## Task description
Find every line containing "flip" in the records below and report the tally as a bare number.

____

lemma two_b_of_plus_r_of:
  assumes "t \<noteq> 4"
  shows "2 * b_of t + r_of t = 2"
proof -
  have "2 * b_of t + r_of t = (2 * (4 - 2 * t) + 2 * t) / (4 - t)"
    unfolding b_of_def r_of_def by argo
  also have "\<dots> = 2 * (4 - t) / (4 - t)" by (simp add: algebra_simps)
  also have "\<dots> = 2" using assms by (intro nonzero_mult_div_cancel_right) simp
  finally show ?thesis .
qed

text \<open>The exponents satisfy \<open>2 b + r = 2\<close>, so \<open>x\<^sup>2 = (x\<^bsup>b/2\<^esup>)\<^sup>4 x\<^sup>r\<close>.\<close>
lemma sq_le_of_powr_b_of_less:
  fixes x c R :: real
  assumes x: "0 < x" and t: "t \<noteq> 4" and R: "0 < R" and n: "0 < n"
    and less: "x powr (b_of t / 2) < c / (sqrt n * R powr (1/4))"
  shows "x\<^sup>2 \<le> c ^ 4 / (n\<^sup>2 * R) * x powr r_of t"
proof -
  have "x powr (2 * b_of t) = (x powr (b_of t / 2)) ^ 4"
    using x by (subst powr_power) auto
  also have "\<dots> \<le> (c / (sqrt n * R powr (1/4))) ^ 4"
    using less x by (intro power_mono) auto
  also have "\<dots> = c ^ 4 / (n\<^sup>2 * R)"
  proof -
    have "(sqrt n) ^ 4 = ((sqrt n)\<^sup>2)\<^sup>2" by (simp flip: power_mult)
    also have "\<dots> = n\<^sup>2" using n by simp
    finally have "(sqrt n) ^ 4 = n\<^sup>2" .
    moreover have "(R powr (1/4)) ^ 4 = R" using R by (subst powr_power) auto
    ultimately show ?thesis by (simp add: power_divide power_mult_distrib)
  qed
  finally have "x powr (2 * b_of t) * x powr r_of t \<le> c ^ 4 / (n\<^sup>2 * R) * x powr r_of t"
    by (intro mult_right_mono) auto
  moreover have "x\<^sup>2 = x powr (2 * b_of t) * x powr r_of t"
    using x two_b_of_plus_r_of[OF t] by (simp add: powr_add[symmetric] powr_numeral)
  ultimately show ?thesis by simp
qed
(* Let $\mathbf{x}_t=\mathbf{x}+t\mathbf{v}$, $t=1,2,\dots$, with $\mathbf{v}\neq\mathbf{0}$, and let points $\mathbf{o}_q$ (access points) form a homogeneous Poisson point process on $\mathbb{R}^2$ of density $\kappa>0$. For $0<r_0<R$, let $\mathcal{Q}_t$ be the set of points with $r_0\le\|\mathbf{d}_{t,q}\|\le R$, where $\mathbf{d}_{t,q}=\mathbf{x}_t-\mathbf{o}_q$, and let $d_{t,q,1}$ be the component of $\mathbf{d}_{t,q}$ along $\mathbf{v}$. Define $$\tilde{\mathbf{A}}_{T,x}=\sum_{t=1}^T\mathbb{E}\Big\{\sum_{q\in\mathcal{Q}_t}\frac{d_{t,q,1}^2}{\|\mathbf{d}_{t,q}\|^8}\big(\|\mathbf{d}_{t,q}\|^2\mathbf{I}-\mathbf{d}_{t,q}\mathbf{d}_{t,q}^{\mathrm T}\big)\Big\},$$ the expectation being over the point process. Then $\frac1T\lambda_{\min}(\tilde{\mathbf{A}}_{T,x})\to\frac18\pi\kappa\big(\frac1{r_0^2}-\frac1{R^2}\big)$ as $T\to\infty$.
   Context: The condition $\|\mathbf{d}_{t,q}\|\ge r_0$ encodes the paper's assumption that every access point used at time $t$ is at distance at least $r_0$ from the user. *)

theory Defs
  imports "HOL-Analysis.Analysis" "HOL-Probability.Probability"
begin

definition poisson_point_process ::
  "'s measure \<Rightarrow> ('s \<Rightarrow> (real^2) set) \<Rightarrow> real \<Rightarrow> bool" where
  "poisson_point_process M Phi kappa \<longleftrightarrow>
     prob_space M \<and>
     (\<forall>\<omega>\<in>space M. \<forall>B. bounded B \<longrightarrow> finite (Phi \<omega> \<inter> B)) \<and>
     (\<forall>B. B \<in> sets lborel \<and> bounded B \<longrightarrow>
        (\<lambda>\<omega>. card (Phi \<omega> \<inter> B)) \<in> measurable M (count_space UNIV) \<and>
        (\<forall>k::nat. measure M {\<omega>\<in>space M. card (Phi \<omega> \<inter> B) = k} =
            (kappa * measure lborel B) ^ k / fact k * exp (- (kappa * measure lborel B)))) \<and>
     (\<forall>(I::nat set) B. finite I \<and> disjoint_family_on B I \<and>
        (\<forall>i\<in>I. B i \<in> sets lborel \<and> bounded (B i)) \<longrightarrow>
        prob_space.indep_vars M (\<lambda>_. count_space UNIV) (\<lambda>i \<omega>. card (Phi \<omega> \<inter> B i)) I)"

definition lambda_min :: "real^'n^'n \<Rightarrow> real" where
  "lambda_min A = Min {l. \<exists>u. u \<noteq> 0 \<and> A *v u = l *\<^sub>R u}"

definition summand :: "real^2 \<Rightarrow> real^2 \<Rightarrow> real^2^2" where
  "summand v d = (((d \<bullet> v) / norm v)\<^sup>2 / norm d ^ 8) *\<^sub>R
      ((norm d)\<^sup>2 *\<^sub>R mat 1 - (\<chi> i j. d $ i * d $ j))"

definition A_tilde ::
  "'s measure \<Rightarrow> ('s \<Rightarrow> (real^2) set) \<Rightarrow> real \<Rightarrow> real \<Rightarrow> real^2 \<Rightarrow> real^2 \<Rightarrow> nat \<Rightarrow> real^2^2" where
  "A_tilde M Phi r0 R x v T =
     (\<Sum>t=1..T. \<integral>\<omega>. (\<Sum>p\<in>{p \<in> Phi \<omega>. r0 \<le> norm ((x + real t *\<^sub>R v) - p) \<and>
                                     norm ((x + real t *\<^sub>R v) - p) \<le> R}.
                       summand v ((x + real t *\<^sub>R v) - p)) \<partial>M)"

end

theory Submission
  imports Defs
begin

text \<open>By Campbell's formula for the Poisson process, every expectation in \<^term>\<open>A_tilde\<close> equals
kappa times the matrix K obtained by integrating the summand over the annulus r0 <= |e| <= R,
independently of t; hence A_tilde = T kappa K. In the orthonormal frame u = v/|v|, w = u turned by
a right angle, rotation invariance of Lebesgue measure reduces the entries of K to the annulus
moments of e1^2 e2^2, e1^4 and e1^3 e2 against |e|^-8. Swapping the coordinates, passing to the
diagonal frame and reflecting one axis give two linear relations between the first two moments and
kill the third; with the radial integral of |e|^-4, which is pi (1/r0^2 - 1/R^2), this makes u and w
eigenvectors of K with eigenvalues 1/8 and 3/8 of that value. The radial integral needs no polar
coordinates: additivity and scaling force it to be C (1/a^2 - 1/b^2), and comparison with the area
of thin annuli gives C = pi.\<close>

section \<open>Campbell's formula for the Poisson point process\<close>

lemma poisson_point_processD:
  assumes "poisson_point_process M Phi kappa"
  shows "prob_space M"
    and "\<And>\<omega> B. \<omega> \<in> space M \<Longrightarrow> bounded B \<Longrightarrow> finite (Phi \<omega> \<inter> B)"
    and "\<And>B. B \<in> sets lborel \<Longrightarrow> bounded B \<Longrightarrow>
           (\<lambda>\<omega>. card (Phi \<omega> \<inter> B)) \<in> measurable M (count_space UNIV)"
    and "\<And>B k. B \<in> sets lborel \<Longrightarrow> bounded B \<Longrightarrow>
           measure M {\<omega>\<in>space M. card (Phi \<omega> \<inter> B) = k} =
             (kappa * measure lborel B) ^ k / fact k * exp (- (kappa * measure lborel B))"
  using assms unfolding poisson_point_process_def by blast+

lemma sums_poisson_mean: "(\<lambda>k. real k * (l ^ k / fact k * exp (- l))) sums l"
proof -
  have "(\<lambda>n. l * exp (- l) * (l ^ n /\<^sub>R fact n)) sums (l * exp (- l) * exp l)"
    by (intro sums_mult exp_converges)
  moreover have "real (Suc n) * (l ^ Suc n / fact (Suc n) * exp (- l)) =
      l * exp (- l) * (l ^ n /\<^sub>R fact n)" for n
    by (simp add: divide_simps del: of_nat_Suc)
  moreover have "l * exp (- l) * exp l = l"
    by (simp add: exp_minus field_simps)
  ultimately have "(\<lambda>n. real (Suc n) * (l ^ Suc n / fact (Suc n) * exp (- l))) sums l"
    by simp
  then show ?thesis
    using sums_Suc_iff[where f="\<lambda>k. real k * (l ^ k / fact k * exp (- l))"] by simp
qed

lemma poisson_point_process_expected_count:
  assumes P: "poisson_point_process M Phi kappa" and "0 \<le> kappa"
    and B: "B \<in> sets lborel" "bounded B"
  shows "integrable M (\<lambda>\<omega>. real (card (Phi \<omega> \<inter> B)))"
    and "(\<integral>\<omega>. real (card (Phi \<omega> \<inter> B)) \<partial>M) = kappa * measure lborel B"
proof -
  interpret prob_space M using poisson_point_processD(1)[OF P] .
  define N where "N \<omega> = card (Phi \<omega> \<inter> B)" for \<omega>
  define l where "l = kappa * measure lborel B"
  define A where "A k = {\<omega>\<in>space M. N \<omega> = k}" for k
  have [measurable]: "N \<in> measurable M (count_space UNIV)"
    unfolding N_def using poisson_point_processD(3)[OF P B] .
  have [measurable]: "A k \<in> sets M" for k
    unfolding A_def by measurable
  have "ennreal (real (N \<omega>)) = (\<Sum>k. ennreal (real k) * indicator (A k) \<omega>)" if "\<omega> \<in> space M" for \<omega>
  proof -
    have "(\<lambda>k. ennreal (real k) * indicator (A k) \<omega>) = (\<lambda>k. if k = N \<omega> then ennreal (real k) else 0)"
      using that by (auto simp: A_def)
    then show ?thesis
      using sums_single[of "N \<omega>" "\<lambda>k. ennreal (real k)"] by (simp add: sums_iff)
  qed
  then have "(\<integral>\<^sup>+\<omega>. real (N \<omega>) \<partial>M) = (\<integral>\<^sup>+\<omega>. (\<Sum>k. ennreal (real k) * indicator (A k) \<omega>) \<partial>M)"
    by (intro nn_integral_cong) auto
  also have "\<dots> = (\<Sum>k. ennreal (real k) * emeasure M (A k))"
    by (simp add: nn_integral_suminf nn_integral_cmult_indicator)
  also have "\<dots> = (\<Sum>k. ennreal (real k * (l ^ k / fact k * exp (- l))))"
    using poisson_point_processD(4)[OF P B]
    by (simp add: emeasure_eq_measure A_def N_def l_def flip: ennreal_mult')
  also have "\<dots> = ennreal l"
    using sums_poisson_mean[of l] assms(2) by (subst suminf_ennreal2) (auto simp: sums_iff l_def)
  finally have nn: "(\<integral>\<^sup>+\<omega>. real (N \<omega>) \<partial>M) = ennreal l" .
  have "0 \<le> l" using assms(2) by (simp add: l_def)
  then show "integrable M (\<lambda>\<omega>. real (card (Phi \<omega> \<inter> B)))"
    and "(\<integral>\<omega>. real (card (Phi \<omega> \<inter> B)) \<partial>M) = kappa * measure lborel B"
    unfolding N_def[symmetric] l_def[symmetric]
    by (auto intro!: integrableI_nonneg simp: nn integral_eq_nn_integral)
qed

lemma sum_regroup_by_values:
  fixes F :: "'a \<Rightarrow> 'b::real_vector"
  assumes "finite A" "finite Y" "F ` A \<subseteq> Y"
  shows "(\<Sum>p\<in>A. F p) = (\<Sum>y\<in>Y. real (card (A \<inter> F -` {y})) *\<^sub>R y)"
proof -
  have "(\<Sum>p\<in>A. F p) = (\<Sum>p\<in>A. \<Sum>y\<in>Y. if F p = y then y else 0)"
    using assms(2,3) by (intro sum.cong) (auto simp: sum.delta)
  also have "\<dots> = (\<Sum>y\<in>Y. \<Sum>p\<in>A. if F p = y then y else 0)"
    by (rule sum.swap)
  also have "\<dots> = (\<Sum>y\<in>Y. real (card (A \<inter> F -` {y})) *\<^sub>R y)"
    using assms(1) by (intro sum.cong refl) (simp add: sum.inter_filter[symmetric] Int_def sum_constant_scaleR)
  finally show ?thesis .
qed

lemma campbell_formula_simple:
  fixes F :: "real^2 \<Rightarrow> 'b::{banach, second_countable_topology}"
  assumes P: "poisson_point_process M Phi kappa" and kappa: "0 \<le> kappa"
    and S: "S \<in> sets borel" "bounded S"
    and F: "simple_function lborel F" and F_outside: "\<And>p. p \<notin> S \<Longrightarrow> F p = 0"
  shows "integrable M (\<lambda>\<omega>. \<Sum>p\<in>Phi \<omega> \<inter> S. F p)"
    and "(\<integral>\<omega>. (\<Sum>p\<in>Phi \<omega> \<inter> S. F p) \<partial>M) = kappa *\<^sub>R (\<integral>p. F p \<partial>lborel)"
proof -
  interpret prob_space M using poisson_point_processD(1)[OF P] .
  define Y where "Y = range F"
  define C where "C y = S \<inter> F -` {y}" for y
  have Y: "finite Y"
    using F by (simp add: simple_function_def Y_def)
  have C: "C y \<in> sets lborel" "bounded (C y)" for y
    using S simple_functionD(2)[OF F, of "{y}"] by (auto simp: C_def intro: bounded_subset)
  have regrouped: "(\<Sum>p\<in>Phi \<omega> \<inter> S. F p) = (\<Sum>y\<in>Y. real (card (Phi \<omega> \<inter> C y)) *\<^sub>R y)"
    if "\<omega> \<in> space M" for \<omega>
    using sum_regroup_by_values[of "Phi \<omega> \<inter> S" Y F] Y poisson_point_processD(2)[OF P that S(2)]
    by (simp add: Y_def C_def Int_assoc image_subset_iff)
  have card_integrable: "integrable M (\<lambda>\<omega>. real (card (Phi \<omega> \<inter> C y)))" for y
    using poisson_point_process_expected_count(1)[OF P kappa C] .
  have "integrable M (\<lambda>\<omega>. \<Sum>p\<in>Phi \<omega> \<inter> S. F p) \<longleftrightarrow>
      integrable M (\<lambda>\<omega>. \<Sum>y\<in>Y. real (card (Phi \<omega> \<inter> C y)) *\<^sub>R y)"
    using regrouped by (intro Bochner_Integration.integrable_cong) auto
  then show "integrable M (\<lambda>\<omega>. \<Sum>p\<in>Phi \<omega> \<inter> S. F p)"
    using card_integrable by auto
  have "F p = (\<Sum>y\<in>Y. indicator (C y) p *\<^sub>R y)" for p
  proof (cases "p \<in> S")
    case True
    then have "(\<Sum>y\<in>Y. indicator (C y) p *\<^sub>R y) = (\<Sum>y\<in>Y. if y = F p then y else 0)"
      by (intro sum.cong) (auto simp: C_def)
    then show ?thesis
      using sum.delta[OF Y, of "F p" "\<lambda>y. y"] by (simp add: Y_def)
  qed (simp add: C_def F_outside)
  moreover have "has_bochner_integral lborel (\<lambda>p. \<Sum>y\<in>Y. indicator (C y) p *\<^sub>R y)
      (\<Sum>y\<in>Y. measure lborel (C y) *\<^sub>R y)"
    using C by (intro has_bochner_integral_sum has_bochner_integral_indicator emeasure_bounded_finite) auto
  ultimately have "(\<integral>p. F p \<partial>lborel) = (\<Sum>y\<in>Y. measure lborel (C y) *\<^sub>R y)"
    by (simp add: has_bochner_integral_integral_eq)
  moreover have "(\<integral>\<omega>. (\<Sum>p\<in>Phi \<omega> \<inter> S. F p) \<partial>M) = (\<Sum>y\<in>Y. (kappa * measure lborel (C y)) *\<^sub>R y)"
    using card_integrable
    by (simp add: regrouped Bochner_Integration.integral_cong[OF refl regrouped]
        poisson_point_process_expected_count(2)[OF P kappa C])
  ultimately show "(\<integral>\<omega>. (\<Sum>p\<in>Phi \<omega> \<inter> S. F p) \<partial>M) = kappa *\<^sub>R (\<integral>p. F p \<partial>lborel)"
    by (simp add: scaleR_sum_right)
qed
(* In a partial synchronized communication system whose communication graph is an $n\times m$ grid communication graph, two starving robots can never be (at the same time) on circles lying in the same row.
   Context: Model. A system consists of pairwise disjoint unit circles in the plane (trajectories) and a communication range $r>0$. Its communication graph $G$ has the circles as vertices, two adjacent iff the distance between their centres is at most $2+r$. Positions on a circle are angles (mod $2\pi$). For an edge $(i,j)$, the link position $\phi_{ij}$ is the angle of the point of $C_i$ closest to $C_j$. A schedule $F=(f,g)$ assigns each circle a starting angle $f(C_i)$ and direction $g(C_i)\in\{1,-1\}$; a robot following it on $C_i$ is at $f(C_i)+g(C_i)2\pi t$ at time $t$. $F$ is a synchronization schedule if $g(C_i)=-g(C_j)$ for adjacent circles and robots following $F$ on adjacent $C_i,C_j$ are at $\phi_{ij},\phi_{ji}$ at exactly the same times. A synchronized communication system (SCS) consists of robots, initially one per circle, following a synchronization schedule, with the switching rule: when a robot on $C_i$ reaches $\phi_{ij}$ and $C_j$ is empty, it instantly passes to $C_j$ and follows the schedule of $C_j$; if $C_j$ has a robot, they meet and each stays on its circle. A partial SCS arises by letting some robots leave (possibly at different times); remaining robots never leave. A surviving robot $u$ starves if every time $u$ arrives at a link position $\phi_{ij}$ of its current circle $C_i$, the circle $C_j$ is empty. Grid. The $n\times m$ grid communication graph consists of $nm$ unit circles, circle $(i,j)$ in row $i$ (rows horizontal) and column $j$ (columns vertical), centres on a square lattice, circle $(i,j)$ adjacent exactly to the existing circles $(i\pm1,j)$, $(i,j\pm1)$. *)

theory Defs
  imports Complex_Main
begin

____

## Solution for this task
2